* **Task to carry out**
Write out once more the lines running from the top of the entries below to the line with "then obtain N", both ends included.
-- Supplied records follows --
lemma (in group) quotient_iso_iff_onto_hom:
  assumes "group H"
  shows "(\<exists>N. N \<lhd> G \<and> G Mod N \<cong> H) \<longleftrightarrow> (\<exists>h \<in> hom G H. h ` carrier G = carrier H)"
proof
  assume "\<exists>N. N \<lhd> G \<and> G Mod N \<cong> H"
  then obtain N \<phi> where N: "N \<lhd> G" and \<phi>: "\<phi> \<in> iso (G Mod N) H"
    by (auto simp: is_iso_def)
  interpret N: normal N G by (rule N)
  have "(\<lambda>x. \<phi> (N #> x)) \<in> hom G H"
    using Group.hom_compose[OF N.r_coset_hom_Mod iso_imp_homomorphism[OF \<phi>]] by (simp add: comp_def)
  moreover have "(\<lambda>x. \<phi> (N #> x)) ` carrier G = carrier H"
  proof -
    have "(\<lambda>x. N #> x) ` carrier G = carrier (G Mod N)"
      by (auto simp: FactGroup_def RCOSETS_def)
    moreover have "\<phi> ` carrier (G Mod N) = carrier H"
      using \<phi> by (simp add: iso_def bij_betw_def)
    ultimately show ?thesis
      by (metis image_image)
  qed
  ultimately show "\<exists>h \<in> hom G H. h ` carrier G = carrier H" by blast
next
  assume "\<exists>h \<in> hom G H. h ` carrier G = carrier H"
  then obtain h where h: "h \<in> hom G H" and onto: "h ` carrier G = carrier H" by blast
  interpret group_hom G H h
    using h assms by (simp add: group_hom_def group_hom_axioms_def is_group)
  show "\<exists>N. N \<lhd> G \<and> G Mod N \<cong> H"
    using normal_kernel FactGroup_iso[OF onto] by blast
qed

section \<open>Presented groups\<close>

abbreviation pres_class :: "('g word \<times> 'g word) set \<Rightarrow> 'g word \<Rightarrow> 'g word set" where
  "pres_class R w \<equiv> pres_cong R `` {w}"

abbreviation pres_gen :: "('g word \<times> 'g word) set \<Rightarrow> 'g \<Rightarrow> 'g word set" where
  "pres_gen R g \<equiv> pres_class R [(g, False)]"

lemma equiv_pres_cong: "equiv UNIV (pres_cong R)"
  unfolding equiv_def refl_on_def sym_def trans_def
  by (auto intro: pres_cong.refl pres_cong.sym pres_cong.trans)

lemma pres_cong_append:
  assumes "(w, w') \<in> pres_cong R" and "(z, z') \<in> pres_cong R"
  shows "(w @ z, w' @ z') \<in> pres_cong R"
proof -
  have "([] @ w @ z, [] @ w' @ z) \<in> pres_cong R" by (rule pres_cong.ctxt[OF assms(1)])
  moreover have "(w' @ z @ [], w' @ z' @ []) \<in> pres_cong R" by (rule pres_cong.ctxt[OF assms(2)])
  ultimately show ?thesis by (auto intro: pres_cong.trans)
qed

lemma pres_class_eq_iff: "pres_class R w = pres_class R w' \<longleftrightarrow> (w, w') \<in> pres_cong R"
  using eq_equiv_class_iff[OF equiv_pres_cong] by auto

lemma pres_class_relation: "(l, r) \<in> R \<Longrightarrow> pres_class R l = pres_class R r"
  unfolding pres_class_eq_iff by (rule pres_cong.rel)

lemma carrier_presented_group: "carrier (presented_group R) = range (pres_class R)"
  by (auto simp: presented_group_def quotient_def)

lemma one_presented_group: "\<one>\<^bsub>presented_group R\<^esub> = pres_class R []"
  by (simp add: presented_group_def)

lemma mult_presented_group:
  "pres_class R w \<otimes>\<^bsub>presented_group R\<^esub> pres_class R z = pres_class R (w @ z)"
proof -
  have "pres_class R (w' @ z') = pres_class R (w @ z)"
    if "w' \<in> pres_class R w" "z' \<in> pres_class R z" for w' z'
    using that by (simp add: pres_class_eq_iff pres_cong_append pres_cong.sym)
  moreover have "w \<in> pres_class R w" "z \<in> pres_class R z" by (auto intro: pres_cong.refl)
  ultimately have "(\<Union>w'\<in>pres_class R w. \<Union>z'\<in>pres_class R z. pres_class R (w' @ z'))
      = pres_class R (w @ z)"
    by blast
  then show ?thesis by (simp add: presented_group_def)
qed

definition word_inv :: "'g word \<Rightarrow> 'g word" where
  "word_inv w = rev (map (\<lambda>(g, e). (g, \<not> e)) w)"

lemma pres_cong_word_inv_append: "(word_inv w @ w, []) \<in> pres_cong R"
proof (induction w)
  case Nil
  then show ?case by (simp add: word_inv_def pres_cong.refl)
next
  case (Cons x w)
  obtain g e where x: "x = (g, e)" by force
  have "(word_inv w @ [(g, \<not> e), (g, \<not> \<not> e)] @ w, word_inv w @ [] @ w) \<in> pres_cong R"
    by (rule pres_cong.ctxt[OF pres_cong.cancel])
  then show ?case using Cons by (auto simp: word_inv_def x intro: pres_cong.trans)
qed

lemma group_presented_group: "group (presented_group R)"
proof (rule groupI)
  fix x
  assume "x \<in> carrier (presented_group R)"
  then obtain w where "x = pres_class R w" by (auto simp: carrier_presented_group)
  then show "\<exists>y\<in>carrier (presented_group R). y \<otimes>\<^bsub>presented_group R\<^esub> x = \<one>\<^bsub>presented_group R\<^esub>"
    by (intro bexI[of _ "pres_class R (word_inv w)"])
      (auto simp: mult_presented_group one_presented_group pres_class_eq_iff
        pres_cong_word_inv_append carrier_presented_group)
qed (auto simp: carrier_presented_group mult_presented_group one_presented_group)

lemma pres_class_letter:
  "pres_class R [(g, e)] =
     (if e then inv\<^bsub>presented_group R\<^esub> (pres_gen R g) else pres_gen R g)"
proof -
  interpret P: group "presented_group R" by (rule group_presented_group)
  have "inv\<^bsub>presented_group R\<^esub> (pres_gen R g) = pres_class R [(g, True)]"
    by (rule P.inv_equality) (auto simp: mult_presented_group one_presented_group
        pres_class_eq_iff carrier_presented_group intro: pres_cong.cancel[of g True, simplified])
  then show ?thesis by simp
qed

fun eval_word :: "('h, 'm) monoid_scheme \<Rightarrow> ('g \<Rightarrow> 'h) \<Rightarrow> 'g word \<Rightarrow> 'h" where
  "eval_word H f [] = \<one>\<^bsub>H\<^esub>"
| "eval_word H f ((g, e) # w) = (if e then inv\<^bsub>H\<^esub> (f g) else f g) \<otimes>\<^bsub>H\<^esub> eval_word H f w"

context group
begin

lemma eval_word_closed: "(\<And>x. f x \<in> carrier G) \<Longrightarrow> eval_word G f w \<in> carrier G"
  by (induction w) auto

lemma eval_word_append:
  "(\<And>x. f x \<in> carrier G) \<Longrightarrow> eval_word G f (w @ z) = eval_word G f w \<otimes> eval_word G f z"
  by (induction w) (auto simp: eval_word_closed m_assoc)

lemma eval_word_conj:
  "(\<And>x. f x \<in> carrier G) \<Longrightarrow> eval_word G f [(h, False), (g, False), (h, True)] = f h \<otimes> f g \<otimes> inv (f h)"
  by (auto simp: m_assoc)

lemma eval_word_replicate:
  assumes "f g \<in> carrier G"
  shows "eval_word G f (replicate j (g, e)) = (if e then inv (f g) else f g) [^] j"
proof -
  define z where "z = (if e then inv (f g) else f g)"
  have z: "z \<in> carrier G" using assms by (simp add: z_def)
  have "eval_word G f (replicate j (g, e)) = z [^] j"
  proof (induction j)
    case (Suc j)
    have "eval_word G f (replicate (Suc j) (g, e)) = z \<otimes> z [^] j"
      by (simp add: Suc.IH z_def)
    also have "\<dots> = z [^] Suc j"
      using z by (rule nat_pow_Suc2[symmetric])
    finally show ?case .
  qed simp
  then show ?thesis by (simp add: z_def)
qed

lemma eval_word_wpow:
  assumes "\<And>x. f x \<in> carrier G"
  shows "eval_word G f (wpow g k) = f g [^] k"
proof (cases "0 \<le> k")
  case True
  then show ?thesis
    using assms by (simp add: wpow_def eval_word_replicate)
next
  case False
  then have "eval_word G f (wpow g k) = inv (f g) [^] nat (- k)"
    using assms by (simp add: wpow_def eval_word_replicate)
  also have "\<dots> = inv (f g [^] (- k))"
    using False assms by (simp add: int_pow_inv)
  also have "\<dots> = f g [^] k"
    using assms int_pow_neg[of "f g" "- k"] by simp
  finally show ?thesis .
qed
-- Supplied records concluded --
* **Result of the task**
lemma (in group) quotient_iso_iff_onto_hom:
  assumes "group H"
  shows "(\<exists>N. N \<lhd> G \<and> G Mod N \<cong> H) \<longleftrightarrow> (\<exists>h \<in> hom G H. h ` carrier G = carrier H)"
proof
  assume "\<exists>N. N \<lhd> G \<and> G Mod N \<cong> H"
  then obtain N \<phi> where N: "N \<lhd> G" and \<phi>: "\<phi> \<in> iso (G Mod N) H"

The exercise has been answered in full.